This column explores the history and background of the Chevron doctrine and historical state approaches to agency deference. It then reviews the Loper Bright decision and the most recent taxpayer efforts using the decision as an argument to challenge state tax policy. Finally, it considers the extent to which the state tax impact of Loper Bright may be felt from a controversy, legislative, and administrative rulemaking perspective.
Background
In Chevron, the Supreme Court held that an administrative agency’s interpretation of a statute administered by that agency should be given deference by a court if (1) the statutory provision is ambiguous and (2) the agency’s interpretation of the statute is a reasonable construction of the statute. In a related case, Auer v. Robbins, the Court expanded on the concept of Chevron deference, holding that agencies should be given deference in interpreting their own regulations if the language of the regulation itself is ambiguous.3 Before Chevron and Auer, in Skidmore v. Swift & Co., the Court took a different approach to administrative deference, concluding that the weight given to a ruling, interpretation, or opinion of an agency depends on the “thoroughness evident in its consideration, the validity of its reasoning, its consistency with earlier and later pronouncements, and all those factors which give it power to persuade.”4
Over time, the Chevron doctrine has become pivotal in administrative law, influencing how regulations have been interpreted, invalidated or sustained, and applied by both federal and state courts. Indeed, Chevron has become one of the most cited cases in modern public law. However, opposition to the doctrine had increased over the years, with opponents of it arguing that the courts are better suited to interpret the meaning of ambiguous statutes rather than the agencies charged with implementing them.
Chevron overturned
It bears repeating that Loper Bright is not a state tax case, nor is it a tax case at all. Indeed, the petitioners challenged the validity of a regulation promulgated by the U.S. Department of Commerce affecting commercial fisheries. However, the action directly challenged federal court deference to agency regulations under Chevron. In rejecting Chevron, the Court held that the federal APA requires courts to exercise their independent judgment in deciding whether an agency has acted within its statutory authority and that courts may not defer to an agency interpretation of the law simply because a statute is ambiguous. Instead, the Court determined that the concept of deference to an agency’s reasonable interpretation of an ambiguous statute “has proved to be fundamentally misguided.”5
Importantly, the Court was careful to say that some level of deference to administrative agencies is appropriate, especially as to agency authority that was issued contemporaneously with the relevant statute and that has remained consistent over time. In doing so, the Court has tacitly retained the less deferential Skidmore standard, concluding that courts, in exercising their independent judgment, may look to the interpretations and opinions of the agency as guidance.6 In the short term, Loper Bright immediately reduces the power of federal agencies to interpret the laws they administer. But what about state agencies and, more specifically, state taxing agencies?

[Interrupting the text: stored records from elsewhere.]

lemma sum_path_work:
  fixes S :: "'a::linorder set"
  assumes "finite S" "a \<notin> S"
  shows "(\<Sum>L\<in>permutations_of_set S. path_work a P L) \<le> 4 * card {x\<in>S. P x} * fact (card S)"
  using assms
proof (induction "card S" arbitrary: S P)
  case 0
  then show ?case by simp
next
  case (Suc n)
  define A where "A = {x\<in>S. P x}"
  define k where "k = card A"
  have fin_A: "finite A" and a_A: "a \<notin> A" and A_S: "A \<subseteq> S"
    using Suc.prems by (auto simp: A_def)
  have per_head: "(\<Sum>t\<in>permutations_of_set (S - {h}). path_work a P (h # t))
      \<le> fact n * (if P h then k + 4 * side_size a A h else 4 * k)" if h: "h \<in> S" for h
  proof -
    have S_h: "n = card (S - {h})" "finite (S - {h})" "a \<notin> S - {h}"
      using Suc h by auto
    show ?thesis
    proof (cases "P h")
      case False
      then have "(\<Sum>t\<in>permutations_of_set (S - {h}). path_work a P (h # t))
          = (\<Sum>t\<in>permutations_of_set (S - {h}). path_work a P t)"
        by simp
      also have "\<dots> \<le> 4 * card {x\<in>S - {h}. P x} * fact n"
        using Suc.hyps(1)[OF S_h] S_h(1) by simp
      also have "{x\<in>S - {h}. P x} = A"
        using False by (auto simp: A_def)
      finally show ?thesis
        using False by (simp add: k_def mult_ac)
    next
      case True
      define P' where "P' = (\<lambda>x. P x \<and> (if a < h then x < h else h \<le> x))"
      have "(\<Sum>t\<in>permutations_of_set (S - {h}). path_work a P (h # t))
          = (\<Sum>t\<in>permutations_of_set (S - {h}). k + path_work a P' t)"
        using path_work_Cons_perm[where S = S and h = h and P = P, OF _ Suc.prems(1) h True] by (simp add: A_def k_def P'_def)
      also have "\<dots> = fact n * k + (\<Sum>t\<in>permutations_of_set (S - {h}). path_work a P' t)"
        using S_h by (simp add: sum.distrib)
      also have "(\<Sum>t\<in>permutations_of_set (S - {h}). path_work a P' t)
          \<le> 4 * card {x\<in>S - {h}. P' x} * fact n"
        using Suc.hyps(1)[OF S_h] S_h(1) by simp
      also have "{x\<in>S - {h}. P' x} = {x\<in>A. if a < h then x < h else h < x}"
        by (auto simp: P'_def A_def)
      finally show ?thesis
        using True by (simp add: side_size_def algebra_simps)
    qed
  qed
  have "(\<Sum>L\<in>permutations_of_set S. path_work a P L)
      = (\<Sum>h\<in>S. \<Sum>t\<in>permutations_of_set (S - {h}). path_work a P (h # t))"
    using Suc by (intro sum_permutations_of_set_Cons) auto
  also have "\<dots> \<le> (\<Sum>h\<in>S. fact n * (if P h then k + 4 * side_size a A h else 4 * k))"
    using per_head by (rule sum_mono)
  also have "\<dots> = fact n * ((\<Sum>h\<in>A. k + 4 * side_size a A h) + (\<Sum>h\<in>S - A. 4 * k))"
  proof -
    have "S \<inter> {h. P h} = A" "S \<inter> - {h. P h} = S - A"
      by (auto simp: A_def)
    then show ?thesis
      using sum.If_cases[OF Suc.prems(1), of P "\<lambda>h. k + 4 * side_size a A h" "\<lambda>_. 4 * k"]
      by (simp add: sum_distrib_left[symmetric])
  qed
  also have "\<dots> = fact n * (k * k + 4 * (\<Sum>h\<in>A. side_size a A h) + (Suc n - k) * (4 * k))"
    using Suc.prems(1) Suc.hyps(2) A_S fin_A
    by (simp add: sum.distrib sum_distrib_left card_Diff_subset k_def)
  also have "\<dots> \<le> fact n * (4 * k * Suc n)"
  proof -
    have "4 * (\<Sum>h\<in>A. side_size a A h) \<le> 3 * k * k"
      using sum_side_size[OF fin_A a_A] by (simp add: k_def power2_eq_square)
    moreover obtain d where "Suc n = k + d"
      using card_mono[OF Suc.prems(1) A_S] Suc.hyps(2) le_Suc_ex by (metis k_def)
    ultimately have "k * k + 4 * (\<Sum>h\<in>A. side_size a A h) + (Suc n - k) * (4 * k) \<le> 4 * k * Suc n"
      by (simp add: algebra_simps)
    then show ?thesis
      by (rule mult_le_mono2)
  qed
  also have "\<dots> = 4 * card {x\<in>S. P x} * fact (card S)"
    using Suc.hyps(2)[symmetric] by (simp add: k_def A_def algebra_simps)
  finally show ?case .
qed

lemma sum_second_run_cost:
  fixes K :: "'a::linorder set"
  assumes "finite K" "K \<noteq> {}"
  shows "(\<Sum>L'\<in>permutations_of_set K. second_run_cost L') \<le> 43 * card K * fact (card K)"
proof -
  obtain m where m: "card K = Suc m"
    using assms by (metis card_gt_0_iff gr0_implies_Suc)
  have per_head: "(\<Sum>t\<in>permutations_of_set (K - {a}). second_run_cost (a # t)) \<le> (43 * m + 10) * fact m"
    if a: "a \<in> K" for a
  proof -
    have K_a: "finite (K - {a})" "card (K - {a}) = m" "a \<notin> K - {a}"
      using assms(1) a m by auto
    have "(\<Sum>t\<in>permutations_of_set (K - {a}). second_run_cost (a # t))
        \<le> (\<Sum>t\<in>permutations_of_set (K - {a}). 3 * m + 10 + 10 * path_work a (\<lambda>_. True) t)"
    proof (rule sum_mono)
      fix t assume "t \<in> permutations_of_set (K - {a})"
      then have "distinct (a # t)" "length t = m"
        using K_a(2) distinct_card by (fastforce simp: permutations_of_set_def)+
      then show "second_run_cost (a # t) \<le> 3 * m + 10 + 10 * path_work a (\<lambda>_. True) t"
        using second_run_cost_le by fastforce
    qed
    also have "\<dots> = (3 * m + 10) * fact m
        + 10 * (\<Sum>t\<in>permutations_of_set (K - {a}). path_work a (\<lambda>_. True) t)"
      using K_a by (simp add: sum.distrib sum_distrib_left)
    also have "\<dots> \<le> (3 * m + 10) * fact m + 10 * (4 * m * fact m)"
    proof -
      have "{x\<in>K - {a}. True} = K - {a}"
        by blast
      then show ?thesis
        using sum_path_work[OF K_a(1,3), of "\<lambda>_. True"] K_a(2) by (simp only:)
    qed
    finally show ?thesis
      by (simp add: algebra_simps)
  qed
  have "(\<Sum>L'\<in>permutations_of_set K. second_run_cost L')
      = (\<Sum>a\<in>K. \<Sum>t\<in>permutations_of_set (K - {a}). second_run_cost (a # t))"
    by (rule sum_permutations_of_set_Cons[OF assms])
  also have "\<dots> \<le> (\<Sum>a\<in>K. (43 * m + 10) * fact m)"
    using per_head by (rule sum_mono)
  also have "\<dots> = Suc m * ((43 * m + 10) * fact m)"
    using m by simp
  also have "\<dots> \<le> 43 * Suc m * fact (Suc m)"
    by (simp add: algebra_simps)
  finally show ?thesis
    using m by simp
qed

theorem mainTheorem1:
  shows "\<exists>C::real. \<forall>K::'a::linorder set. finite K \<and> K \<noteq> {} \<longrightarrow>
           measure_pmf.expectation (pmf_of_set (permutations_of_set K))
             (\<lambda>L'. real (second_run_cost L')) \<le> C * real (card K)"
proof (intro exI allI impI)
  fix K :: "'a::linorder set"
  assume K: "finite K \<and> K \<noteq> {}"
  then have "measure_pmf.expectation (pmf_of_set (permutations_of_set K)) (\<lambda>L'. real (second_run_cost L'))
      = real (\<Sum>L'\<in>permutations_of_set K. second_run_cost L') / fact (card K)"
    by (simp add: integral_pmf_of_set)
  also have "\<dots> \<le> real (43 * card K * fact (card K)) / fact (card K)"
    using sum_second_run_cost[of K] K by (intro divide_right_mono of_nat_mono) simp_all
  also have "\<dots> = 43 * real (card K)"
    by simp
  finally show "measure_pmf.expectation (pmf_of_set (permutations_of_set K))
      (\<lambda>L'. real (second_run_cost L')) \<le> 43 * real (card K)" .
qed

end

State tax historical approaches to Chevron deference
Chevron deference has historically carried great weight in the tax world, given that many aspects of tax law are largely administrative law. At the state level, state tax agencies have amassed and exercised extensive administrative authority in the implementation of state tax laws, perhaps exceeding the authority of the IRS at the federal level. As a result, they play an active role in developing and adopting regulations and other guidance. These agencies find themselves in the unique position of interacting with both the state legislatures that draft and enact tax legislation and the taxpayers that are required to apply the enacted legislation in determining their overall tax liability. When a state enacts legislation, there may be ambiguities within the statute to allow some room in its implementation. As at the federal level, state tax agencies have established various degrees of expertise to interpret often complex state tax statutes and have filled in statutory gaps through the promulgation of regulations and the development of administrative guidance ranging from formal technical bulletins or letter rulings to less formal frequently asked questions documents posted on their websites.
Of course, more recently, the level of deference given to state tax authorities in developing guidance interpreting state tax law has become increasingly controversial. Many states have incorporated elements of Chevron into their rules of statutory construction over the years, but they have their own variation of deference afforded to administrative agencies, leading to uncertainty over whether the law will be applied the same way under factually similar circumstances. The states may be thought of as falling into four distinct groups with respect to agency deference:
- The first are the “strong deference” states that have explicitly adopted the Chevron doctrine or very similar rules. For example, Kentucky and Pennsylvania courts have traditionally applied Chevron deference to an agency’s formal interpretation of statutes.7
- The second group are the states that have taken a “hybrid” approach to agency deference, relying on blended elements of Chevron and Skidmore. For example, Michigan has given “respectful consideration” to state agency interpretations, with the Michigan Supreme Court instructing lower courts to reject agency interpretations only if they conflict with legislative intent.8 Similarly, the Texas Supreme Court has held that agency construction of a statute is entitled to “serious consideration” if the construction is “reasonable and does not contradict the plain language of the statute.”9
- The third group are the states that do not allow deference to be given to state agency interpretations, either through the enactment of statutory provisions or through the development of case law. For instance, in 2024 alone, Idaho,10Indiana,11 and Nebraska12 enacted legislation specifically ending judicial deference to state agencies.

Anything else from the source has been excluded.